De Staat van de Stad 2024-2025: sinds 2000 groeide de bevolking met 28 procent
In dit artikel:
Onderzoek en Statistiek (O&S) publiceert op 29 september de dertiende editie van De Staat van de Stad, het jaarlijkse brede onderzoek naar de leefsituatie van Amsterdammers. Enkele opvallende feiten: sinds 2000 is de bevolking met circa 28% gegroeid, nu ongeveer 935.000 inwoners, met een prognose van ongeveer 1,1 miljoen in 2055 en ruim 117.000 extra woningen. De groei in 2024 viel terug tot 2.600 mensen (tegenover een gemiddelde van 10.000 per jaar sinds 2008), onder andere door minder buitenlandse instroom en meer vertrek naar het buitenland. Van de huidige bevolking werd 38% buiten Nederland geboren; het aandeel in de stad geboren inwoners daalde van 45% (2000) naar 35% (2025).
Woningmarkt: de voorraad nam in 2024 toe tot circa 487.000 woningen (ongeveer 30% koop, 47% sociale huur, 24% vrije sector). Koopwoningen zijn duur: de prijs stabiliseerde rond €618.000, ruim boven het landelijke gemiddelde. De kloof tussen huiseigenaren en huurders is de afgelopen tien jaar duidelijk groter geworden. Terwijl in de vrije sector het aanbod hoger is dan de vraag, blijft de schaarste in de sociale huursector nijpend.

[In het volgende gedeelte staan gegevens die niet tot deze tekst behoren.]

theorem proposition5p2:
  shows "\<exists>C>0. \<exists>N::nat. \<forall>n\<ge>N. \<exists>c f. binary_additive_instance n c f \<and>
           price_of_equality n c f \<ge> C * ln (real n) / ln (ln (real n))"
proof (intro exI[of _ "1 / 8"] conjI exI[of _ "3 ^ 9"] allI impI)
  fix n :: nat
  assume n: "3 ^ 9 \<le> n"
  then have "0 < n" by simp
  have "9 \<le> 9 * ln (3::real)" using ln_3_ge_1 by simp
  also have "\<dots> = ln (3 ^ 9)" by (subst ln_realpow) auto
  also have "\<dots> \<le> ln (real n)" using n by (subst ln_le_cancel_iff) (auto simp del: power_numeral_reduce)
  finally have L: "9 \<le> ln (real n)" .
  have "ln (real n) \<le> ln (real n + 1)" using \<open>0 < n\<close> by simp
  then have "ln (real n) \<le> harm n" using ln_le_harm[of n] by linarith
  with L have "1 / 8 * ln (real n) / ln (ln (real n)) \<le> harm n / (2 * (2 + ln (2 * harm n)))"
    using harm_le_one_plus_ln[OF \<open>0 < n\<close>] by (rule ratio_ge_ln_div_ln_ln)
  also have "\<dots> \<le> price_of_equality n (harmonic_cost n) (harmonic_reward n)"
    by (rule price_of_equality_harmonic_ge[OF \<open>0 < n\<close>])
  finally show "\<exists>c f. binary_additive_instance n c f \<and>
      1 / 8 * ln (real n) / ln (ln (real n)) \<le> price_of_equality n c f"
    using binary_additive_instance_harmonic[OF \<open>0 < n\<close>] by blast
qed (simp)

end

Welzijn en gezondheid: het algemeen welzijn herstelt geleidelijk na corona; deelname aan vrijetijdsbesteding neemt toe, maar gezondheid blijft een zorgpunt. Twee derde van de volwassen Amsterdammers noemt zichzelf gelukkig; het gemiddelde rapportcijfer voor levenstevredenheid blijft rond 7,2. Vertrouwen in de toekomst heeft ongeveer 60% van de volwassenen. Regionale verschillen worden groter: Zuidoost, Nieuw-West en Noord lopen achter, met name sommige buurten in Noord-West en delen van Zuidoost.
Economie en arbeid: de Amsterdamse economie groeit sneller dan het landelijk gemiddelde, gedreven door ICT en zakelijke diensten. Voornaamste werkgevers zijn advies/onderzoek, zorg, ICT, detailhandel en horeca. Arbeidsparticipatie is historisch hoog (73%); Amsterdammers werken vaker fulltime en 22% is zelfstandige. Het aandeel vaste contracten stijgt maar blijft lager dan landelijk (48% vs 56%).
Duurzaamheid en mobiliteit: van de hernieuwbare stroomopwekking in 2024 kwam 60% van zon en 40% van wind, maar samen dekken ze slechts 7% van het totale elektriciteitsgebruik. Mobiliteit keert terug naar pre-coronaniveau (gemiddeld 2,5 verplaatsingen per dag); de fiets blijft dominant, met een toename van elektrische fietsen. Tegelijkertijd nam het aantal verkeersongevallen met letsel in 2024 toe, vooral onder fietsers.
Gezondheidsverschillen zijn groot: de gezonde levensverwachting bij geboorte is 63,6 jaar, ruim drie jaar onder het landelijk niveau; in arme wijken loopt het verschil in gezonde jaren op tot circa 13 jaar. Mentale gezondheid vraagt aandacht: 12% heeft risico op angst of depressie en sterke eenzaamheid is hoger dan gemiddeld (18%).
Sociaal en maatschappelijk: onderwijs kampt met een krimp van leerlingaantallen en een teacher shortage; segregatie neemt toe doordat ouders hoger opgeleid zijn. Financieel gezien heeft Amsterdam zowel relatief veel lage (17%) als hoge inkomens (15%); inkomensongelijkheid is groot. Een derde van de bewoners heeft moeite rond te komen, en ongeveer 70.000 huishoudens (16%) zijn minimahuishoudens. Cultureel en digitaal is bijna iedereen verbonden: internettoegang en socialmediagebruik liggen rond de 95%.
Veiligheid en leefbaarheid: bewoners geven hun buurt gemiddeld een 7,5, met grote verschillen tussen stadsdelen. De criminaliteitsindex daalde, maar zorgen over drugscriminaliteit en overlast door verwarde personen blijven in bepaalde wijken prevalent. Conclusie van het rapport: brede welvaart is sterk op gebied van werk, inkomen en voorzieningen, maar milieu, gezondheid en veiligheid vormen belangrijke uitdagingen; de stad beschikt over veel menselijk kapitaal, terwijl natuurlijk kapitaal en duurzame energie beperkt blijven.